Polaris

I think the thing that bothered me the most about the entire ordeal, was that I couldn’t help but feel that it was somehow all my fault. Had I enough willpower, I would not of lost my mind and killed Esixa’s children.

I’ve survived three separate wars, nearly dying several times in all of them, and even becoming mentally indisposed during one. I’ve lived through two different exoduses and two different genocides against my people. My parents, my husband, the father of my children and my son all perished. Of all the trials and tribulations I have gone through, this one that finally ended less than two days ago was the hardest I had ever endured.  Had I not the friends I did, I would not be here now.

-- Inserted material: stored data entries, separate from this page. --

lemma strongly_convex_tangent_bound:
  fixes f :: "'v::real_inner \<Rightarrow> real"
  assumes "strongly_convex \<mu> f" and grad: "\<And>z. GDERIV f z :> gf z"
  shows "f x + gf x \<bullet> (y - x) + \<mu> / 2 * (norm (y - x))\<^sup>2 \<le> f y"
proof -
  define h where "h z = f z - \<mu> / 2 * (norm z)\<^sup>2" for z
  define d where "d = y - x"
  define \<psi> where "\<psi> t = h (x + t *\<^sub>R d)" for t
  have "convex_on UNIV \<psi>"
    using assms(1) unfolding strongly_convex_def h_def \<psi>_def by (rule convex_on_line)
  have f_deriv: "((\<lambda>t. f (x + t *\<^sub>R d)) has_real_derivative (gf x \<bullet> d)) (at 0)"
    using grad[of x] by (intro gderiv_along_line) simp
  have norm_deriv: "((\<lambda>t. (norm (x + t *\<^sub>R d))\<^sup>2) has_real_derivative 2 * (x \<bullet> d)) (at 0)"
  proof -
    have "(\<lambda>t. (norm (x + t *\<^sub>R d))\<^sup>2) = (\<lambda>t. (norm x)\<^sup>2 + 2 * t * (x \<bullet> d) + t\<^sup>2 * (norm d)\<^sup>2)"
      by (simp add: norm_add_square power_mult_distrib fun_eq_iff)
    then show ?thesis
      by (auto intro!: derivative_eq_intros)
  qed
  have "(\<psi> has_real_derivative (gf x \<bullet> d - \<mu> * (x \<bullet> d))) (at 0)"
    unfolding \<psi>_def h_def using DERIV_diff[OF f_deriv DERIV_cmult[OF norm_deriv, of "\<mu> / 2"]] by simp
  then have "gf x \<bullet> d - \<mu> * (x \<bullet> d) \<le> \<psi> 1 - \<psi> 0"
    using convex_on_imp_above_tangent[OF \<open>convex_on UNIV \<psi>\<close>, of 0 1]
    by (auto simp: has_field_derivative_at_within)
  moreover have "(norm y)\<^sup>2 = (norm x)\<^sup>2 + 2 * (x \<bullet> d) + (norm d)\<^sup>2"
    unfolding d_def by (metis add.commute diff_add_cancel norm_add_square)
  ultimately show ?thesis
    unfolding \<psi>_def h_def d_def by (simp add: algebra_simps)
qed

lemma inner_le_young:
  fixes u v :: "'v::real_inner"
  assumes "c > 0"
  shows "2 * (u \<bullet> v) \<le> c * (norm u)\<^sup>2 + (norm v)\<^sup>2 / c"
proof -
  have "0 \<le> (norm (c *\<^sub>R u - v))\<^sup>2 / c"
    using assms by simp
  also have "\<dots> = c * (norm u)\<^sup>2 - 2 * (u \<bullet> v) + (norm v)\<^sup>2 / c"
    using assms unfolding norm_diff_square by (simp add: power2_eq_square field_simps)
  finally show ?thesis
    by simp
qed

lemma scaled_inner_le_young:
  fixes u v :: "'v::real_inner"
  assumes "0 \<le> c" and "c \<le> 1"
  shows "2 * t * (c *\<^sub>R u \<bullet> v) \<le> 2 * (norm u)\<^sup>2 + t\<^sup>2 / 2 * (norm v)\<^sup>2"
proof -
  have "2 * (c *\<^sub>R u \<bullet> t *\<^sub>R v) \<le> 2 * (norm (c *\<^sub>R u))\<^sup>2 + (norm (t *\<^sub>R v))\<^sup>2 / 2"
    by (rule inner_le_young) simp
  moreover have "(norm (c *\<^sub>R u))\<^sup>2 \<le> (norm u)\<^sup>2"
    using assms by (simp add: power_mult_distrib mult_left_le_one_le power_le_one)
  ultimately show ?thesis
    by (simp add: power_mult_distrib algebra_simps)
qed

lemma norm_convex_combination_sq_le:
  fixes u v :: "'v::real_inner"
  assumes "0 \<le> a" "0 \<le> b" "a + b = 1"
  shows "(norm (a *\<^sub>R u + b *\<^sub>R v))\<^sup>2 \<le> a * (norm u)\<^sup>2 + b * (norm v)\<^sup>2"
proof -
  have "a * (norm u)\<^sup>2 + b * (norm v)\<^sup>2 - (norm (a *\<^sub>R u + b *\<^sub>R v))\<^sup>2 = a * b * (norm (u - v))\<^sup>2"
  proof -
    have b: "b = 1 - a"
      using assms(3) by simp
    show ?thesis
      unfolding b power2_norm_eq_inner
      by (simp add: inner_add_left inner_add_right inner_diff_left inner_diff_right inner_commute algebra_simps)
  qed
  moreover have "0 \<le> a * b * (norm (u - v))\<^sup>2"
    using assms by simp
  ultimately show ?thesis
    by linarith
qed

lemma weighted_sq_dist_decomposition:
  fixes v :: "'i \<Rightarrow> 'v::real_inner"
  assumes "(\<Sum>i\<in>S. p i) = 1"
  defines "m \<equiv> \<Sum>j\<in>S. p j *\<^sub>R v j"
  shows "(\<Sum>i\<in>S. p i * (norm (v i - c))\<^sup>2) = (\<Sum>i\<in>S. p i * (norm (v i - m))\<^sup>2) + (norm (m - c))\<^sup>2"
proof -
  have "(\<Sum>i\<in>S. p i * ((v i - m) \<bullet> (m - c))) = (\<Sum>i\<in>S. p i *\<^sub>R (v i - m)) \<bullet> (m - c)"
    by (simp add: inner_sum_left)
  also have "(\<Sum>i\<in>S. p i *\<^sub>R (v i - m)) = 0"
    using assms by (simp add: scaleR_diff_right sum_subtractf flip: scaleR_sum_left)
  finally have cross: "(\<Sum>i\<in>S. p i * ((v i - m) \<bullet> (m - c))) = 0"
    by simp
  have "(norm (v i - c))\<^sup>2 = (norm (v i - m))\<^sup>2 + 2 * ((v i - m) \<bullet> (m - c)) + (norm (m - c))\<^sup>2" for i
    using norm_add_square[of "v i - m" "m - c"] by simp
  then have "p i * (norm (v i - c))\<^sup>2
      = p i * (norm (v i - m))\<^sup>2 + 2 * (p i * ((v i - m) \<bullet> (m - c))) + p i * (norm (m - c))\<^sup>2" for i
    by (simp only: distrib_left mult.left_commute)
  then have "(\<Sum>i\<in>S. p i * (norm (v i - c))\<^sup>2) = (\<Sum>i\<in>S. p i * (norm (v i - m))\<^sup>2)
      + 2 * (\<Sum>i\<in>S. p i * ((v i - m) \<bullet> (m - c))) + (\<Sum>i\<in>S. p i) * (norm (m - c))\<^sup>2"
    by (simp add: sum.distrib sum_distrib_left sum_distrib_right)
  then show ?thesis
    using cross assms by simp
qed

lemma
  fixes v :: "'i \<Rightarrow> 'v::real_inner"
  assumes "(\<Sum>i\<in>S. p i) = 1" and "\<And>i. i \<in> S \<Longrightarrow> 0 \<le> p i"
  defines "m \<equiv> \<Sum>j\<in>S. p j *\<^sub>R v j"
  shows norm_weighted_mean_diff_sq_le: "(norm (m - c))\<^sup>2 \<le> (\<Sum>i\<in>S. p i * (norm (v i - c))\<^sup>2)"
    and weighted_sq_dist_to_mean_le: "(\<Sum>i\<in>S. p i * (norm (v i - m))\<^sup>2) \<le> (\<Sum>i\<in>S. p i * (norm (v i - c))\<^sup>2)"
proof -
  have "0 \<le> (\<Sum>i\<in>S. p i * (norm (v i - m))\<^sup>2)"
    using assms(2) by (intro sum_nonneg) auto
  then show "(norm (m - c))\<^sup>2 \<le> (\<Sum>i\<in>S. p i * (norm (v i - c))\<^sup>2)"
    and "(\<Sum>i\<in>S. p i * (norm (v i - m))\<^sup>2) \<le> (\<Sum>i\<in>S. p i * (norm (v i - c))\<^sup>2)"
    using weighted_sq_dist_decomposition[OF assms(1), of v c] unfolding m_def by auto
qed

locale federated_objective =
  fixes S :: "'i set" and p :: "'i \<Rightarrow> real"
    and F :: "'i \<Rightarrow> 'v::real_inner \<Rightarrow> real" and gF :: "'i \<Rightarrow> 'v \<Rightarrow> 'v"
    and L \<mu> :: real and wstar :: 'v and wloc_star :: "'i \<Rightarrow> 'v"
  assumes p_nonneg: "\<And>i. i \<in> S \<Longrightarrow> 0 \<le> p i" and p_sum: "(\<Sum>i\<in>S. p i) = 1"
    and L_pos: "0 < L" and mu_nonneg: "0 \<le> \<mu>"
    and smooth: "\<And>i. i \<in> S \<Longrightarrow> L_smooth L (F i) (gF i)"
    and strconv: "\<And>i. i \<in> S \<Longrightarrow> strongly_convex \<mu> (F i)"
    and wstar_min: "\<And>x. (\<Sum>i\<in>S. p i * F i wstar) \<le> (\<Sum>i\<in>S. p i * F i x)"
    and wloc_star_min: "\<And>i x. i \<in> S \<Longrightarrow> F i (wloc_star i) \<le> F i x"
begin

definition heterogeneity :: real where
  "heterogeneity = (\<Sum>i\<in>S. p i * F i wstar) - (\<Sum>i\<in>S. p i * F i (wloc_star i))"

lemma heterogeneity_nonneg: "0 \<le> heterogeneity"
  using wloc_star_min p_nonneg unfolding heterogeneity_def
  by (simp add: sum_mono mult_left_mono)

lemma tangent_bound: "i \<in> S \<Longrightarrow> F i x + gF i x \<bullet> (y - x) + \<mu> / 2 * (norm (y - x))\<^sup>2 \<le> F i y"
  using strongly_convex_tangent_bound[OF strconv] smooth unfolding L_smooth_def by blast

lemma gradient_bound: "i \<in> S \<Longrightarrow> (norm (gF i x))\<^sup>2 \<le> 2 * L * (F i x - F i (wloc_star i))"
  using L_smooth_gradient_bound[OF smooth L_pos wloc_star_min] .

lemma weighted_inner_gradient_lower_bound:
  "(\<Sum>i\<in>S. p i * F i (x i)) - (\<Sum>i\<in>S. p i * F i wstar) + \<mu> / 2 * (norm ((\<Sum>i\<in>S. p i *\<^sub>R x i) - wstar))\<^sup>2
     \<le> (\<Sum>i\<in>S. p i * ((x i - wstar) \<bullet> gF i (x i)))"
proof -
  have "\<mu> / 2 * (norm ((\<Sum>i\<in>S. p i *\<^sub>R x i) - wstar))\<^sup>2 \<le> \<mu> / 2 * (\<Sum>i\<in>S. p i * (norm (x i - wstar))\<^sup>2)"
    using mu_nonneg by (intro mult_left_mono norm_weighted_mean_diff_sq_le[OF p_sum p_nonneg]) auto
  also have "\<dots> = (\<Sum>i\<in>S. p i * (F i (x i) - F i wstar + \<mu> / 2 * (norm (x i - wstar))\<^sup>2))
      - ((\<Sum>i\<in>S. p i * F i (x i)) - (\<Sum>i\<in>S. p i * F i wstar))"
    by (simp add: sum.distrib sum_subtractf sum_distrib_left algebra_simps)
  also have "(\<Sum>i\<in>S. p i * (F i (x i) - F i wstar + \<mu> / 2 * (norm (x i - wstar))\<^sup>2))
      \<le> (\<Sum>i\<in>S. p i * ((x i - wstar) \<bullet> gF i (x i)))"
  proof (intro sum_mono mult_left_mono p_nonneg)
    fix i
    assume "i \<in> S"
    have "gF i (x i) \<bullet> (wstar - x i) = - ((x i - wstar) \<bullet> gF i (x i))"
      by (simp add: inner_commute inner_diff_left inner_diff_right)
    with tangent_bound[OF \<open>i \<in> S\<close>, of "x i" wstar]
    show "F i (x i) - F i wstar + \<mu> / 2 * (norm (x i - wstar))\<^sup>2 \<le> (x i - wstar) \<bullet> gF i (x i)"
      by (simp add: norm_minus_commute)
  qed
  finally show ?thesis
    by simp
qed

lemma weighted_gradient_sq_bound:
  "(\<Sum>i\<in>S. p i * (norm (gF i (x i)))\<^sup>2)
     \<le> 2 * L * ((\<Sum>i\<in>S. p i * F i (x i)) - (\<Sum>i\<in>S. p i * F i (wloc_star i)))"
proof -
  have "(\<Sum>i\<in>S. p i * (norm (gF i (x i)))\<^sup>2) \<le> (\<Sum>i\<in>S. p i * (2 * L * (F i (x i) - F i (wloc_star i))))"
    using gradient_bound p_nonneg by (intro sum_mono mult_left_mono) auto
  then show ?thesis
    by (simp add: sum_distrib_left sum_subtractf algebra_simps)
qed

lemma weighted_objective_lower_bound:
  assumes "0 < \<gamma>"
  shows "(\<Sum>i\<in>S. p i * F i y) - \<gamma> * L * ((\<Sum>i\<in>S. p i * F i y) - (\<Sum>i\<in>S. p i * F i (wloc_star i)))
           - (\<Sum>i\<in>S. p i * (norm (x i - y))\<^sup>2) / (2 * \<gamma>)
         \<le> (\<Sum>i\<in>S. p i * F i (x i))"
proof -
  have "F i y - \<gamma> * L * (F i y - F i (wloc_star i)) - (norm (x i - y))\<^sup>2 / (2 * \<gamma>) \<le> F i (x i)"
    if "i \<in> S" for i
  proof -
    have "2 * (gF i y \<bullet> (y - x i)) \<le> \<gamma> * (norm (gF i y))\<^sup>2 + (norm (x i - y))\<^sup>2 / \<gamma>"
      using inner_le_young[OF assms] by (simp add: norm_minus_commute)
    moreover have "\<gamma> * (norm (gF i y))\<^sup>2 \<le> \<gamma> * (2 * L * (F i y - F i (wloc_star i)))"
      using gradient_bound[OF that] assms by (intro mult_left_mono) auto
    ultimately have "gF i y \<bullet> (y - x i) \<le> \<gamma> * L * (F i y - F i (wloc_star i)) + (norm (x i - y))\<^sup>2 / (2 * \<gamma>)"
      by (simp add: field_simps)
    moreover have "F i y + gF i y \<bullet> (x i - y) + \<mu> / 2 * (norm (x i - y))\<^sup>2 \<le> F i (x i)"
      by (rule tangent_bound[OF that])
    moreover have "0 \<le> \<mu> / 2 * (norm (x i - y))\<^sup>2"
      using mu_nonneg by simp
    moreover have "gF i y \<bullet> (x i - y) = - (gF i y \<bullet> (y - x i))"
      by (simp add: inner_diff_right)
    ultimately show ?thesis
      by linarith
  qed
  then have "(\<Sum>i\<in>S. p i * (F i y - \<gamma> * L * (F i y - F i (wloc_star i)) - (norm (x i - y))\<^sup>2 / (2 * \<gamma>)))
      \<le> (\<Sum>i\<in>S. p i * F i (x i))"
    using p_nonneg by (intro sum_mono mult_left_mono) auto
  then show ?thesis
    by (simp add: sum.distrib sum_subtractf sum_distrib_left sum_divide_distrib algebra_simps)
qed


lemma weighted_objective_gap_lower_bound:
  fixes x :: "'i \<Rightarrow> 'v"
  assumes "0 < \<gamma>" and "\<gamma> \<le> 1 / (2 * L)"
  defines "xb \<equiv> \<Sum>i\<in>S. p i *\<^sub>R x i"
  shows "- (\<gamma> * L * heterogeneity + (\<Sum>i\<in>S. p i * (norm (x i - xb))\<^sup>2) / (2 * \<gamma>))
     \<le> (\<Sum>i\<in>S. p i * F i (x i)) - (\<Sum>i\<in>S. p i * F i wstar)"
proof -
  define Fs where "Fs = (\<Sum>i\<in>S. p i * F i wstar)"
  define Fb where "Fb = (\<Sum>i\<in>S. p i * F i xb)"
  define Fm where "Fm = (\<Sum>i\<in>S. p i * F i (wloc_star i))"
  have "Fb - \<gamma> * L * (Fb - Fm) - (\<Sum>i\<in>S. p i * (norm (x i - xb))\<^sup>2) / (2 * \<gamma>) \<le> (\<Sum>i\<in>S. p i * F i (x i))"
    unfolding Fb_def Fm_def by (rule weighted_objective_lower_bound[OF assms(1)])
  moreover have "0 \<le> (1 - \<gamma> * L) * (Fb - Fs)"
    using assms(2) L_pos wstar_min[of xb] unfolding Fb_def Fs_def
    by (intro mult_nonneg_nonneg) (auto simp: field_simps)
  ultimately show ?thesis
    unfolding heterogeneity_def Fs_def[symmetric] Fm_def[symmetric] by (simp add: algebra_simps)
qed
definition mimic_word :: "(nat list \<Rightarrow> nat) \<Rightarrow> nat \<Rightarrow> nat list" where
  "mimic_word T k = mimic_words T k ! k"

lemma length_mimic_words: "length (mimic_words T k) = Suc k"
  by (induction k) auto

lemma nth_mimic_words: "i \<le> k \<Longrightarrow> mimic_words T k ! i = mimic_word T i"
  by (induction k) (auto simp: mimic_word_def nth_append length_mimic_words le_Suc_eq)

lemma mimic_words_conv_map: "mimic_words T k = map (mimic_word T) [0..<Suc k]"
  by (rule nth_equalityI) (auto simp: length_mimic_words nth_mimic_words simp del: upt_Suc)

lemma mimic_word_Suc:
  "mimic_word T (Suc k) =
     concat (map (\<lambda>v. concat (replicate (2 * sum_list (map T (mimic_words T k)) + 4) v))
       (mimic_words T k)) @ [k + 2]"
  by (simp add: mimic_word_def nth_append length_mimic_words)

lemma set_mimic_word_Suc_prefix:
  "mimic_word T (Suc k) = C @ [k + 2] \<Longrightarrow> set C \<subseteq> (\<Union>i\<le>k. set (mimic_word T i))"
  by (auto simp: mimic_word_Suc mimic_words_conv_map less_Suc_eq_le simp del: upt_Suc) blast

lemma mimic_word_Suc_snoc: "\<exists>C. mimic_word T (Suc k) = C @ [k + 2]"
  by (simp add: mimic_word_Suc)

lemma set_mimic_word_le: "x \<in> set (mimic_word T k) \<Longrightarrow> x \<le> k + 1"
proof (induction k arbitrary: x rule: less_induct)
  case (less k)
  show ?case
  proof (cases k)
    case 0 then show ?thesis using less.prems by (auto simp: mimic_word_def)
  next
    case (Suc k')
    obtain C where C: "mimic_word T k = C @ [k' + 2]" using mimic_word_Suc_snoc Suc by blast
    show ?thesis
    proof (cases "x \<in> set C")
      case True
      then obtain i where "i \<le> k'" "x \<in> set (mimic_word T i)"
        using set_mimic_word_Suc_prefix C Suc by blast
      then show ?thesis using less.IH[of i x] Suc by simp
    qed (use less.prems C Suc in simp)
  qed
qed

lemma three_le_length_mimic_word: "3 \<le> length (mimic_word T k)"
proof (cases k)
  case (Suc k')
  define M where "M = 2 * sum_list (map T (mimic_words T k')) + 4"
  obtain ws where ws: "mimic_words T k' = mimic_word T 0 # ws"
    by (simp add: mimic_words_conv_map upt_conv_Cons del: upt_Suc)
  have "mimic_word T k = concat (replicate M (mimic_word T 0)) @
      concat (map (\<lambda>v. concat (replicate M v)) ws) @ [k' + 2]"
    unfolding Suc mimic_word_Suc M_def ws by simp
  then show ?thesis by (simp add: M_def mimic_word_def)
qed (simp add: mimic_word_def)

lemma mimic_word_eq_marker_iff:
  assumes "q < length (mimic_word T k)"
  shows "mimic_word T k ! q = k + 1 \<longleftrightarrow> q = length (mimic_word T k) - 1"
proof (cases k)
  case 0
  then show ?thesis using assms by (auto simp: mimic_word_def less_Suc_eq nth_Cons split: nat.splits)
next
  case (Suc k')
  obtain C where C: "mimic_word T k = C @ [k + 1]" using mimic_word_Suc_snoc Suc by fastforce
  have "x \<le> k" if "x \<in> set C" for x
    using that set_mimic_word_Suc_prefix[of T k' C] C Suc set_mimic_word_le by fastforce
  moreover have "q < length C \<or> q = length C" using assms C by auto
  ultimately show ?thesis using C by (auto simp: nth_append) (metis nth_mem Suc_n_not_le_n)
qed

Esixa came into my home and knocked me about, then managing to get the one up on me and my current sensitive state by cracking my head against the wall and stabbing me with the dagger Saibley had given me. When I awoke, I found myself slumped over her back with my hooves dragging the ground. We were in the Wetlands, I knew by the smell. I managed to topple her over by shifting my weight. I even wiggled free and ran for my life as best I could with a knife wound in my chest. There was distance between us, and I figured I could hide in the marshlands until I either outsmarted her and back-tracked to Ironforge, or someone found me. There was no way I could take her on. Not now. Neivala had sapped all of my strength for herself. I flew across those glades. I ran as hard as I could. I thought I had gotten away when she shot my leg out from underneath me.

I hit the peat face first and rolled a few times, finally coming to a halt thanks to a nearby tree. She was on me before I could even draw the next breath, and yet again, she cracked me over the head with the hilt of the dagger. I would learn to become used to this.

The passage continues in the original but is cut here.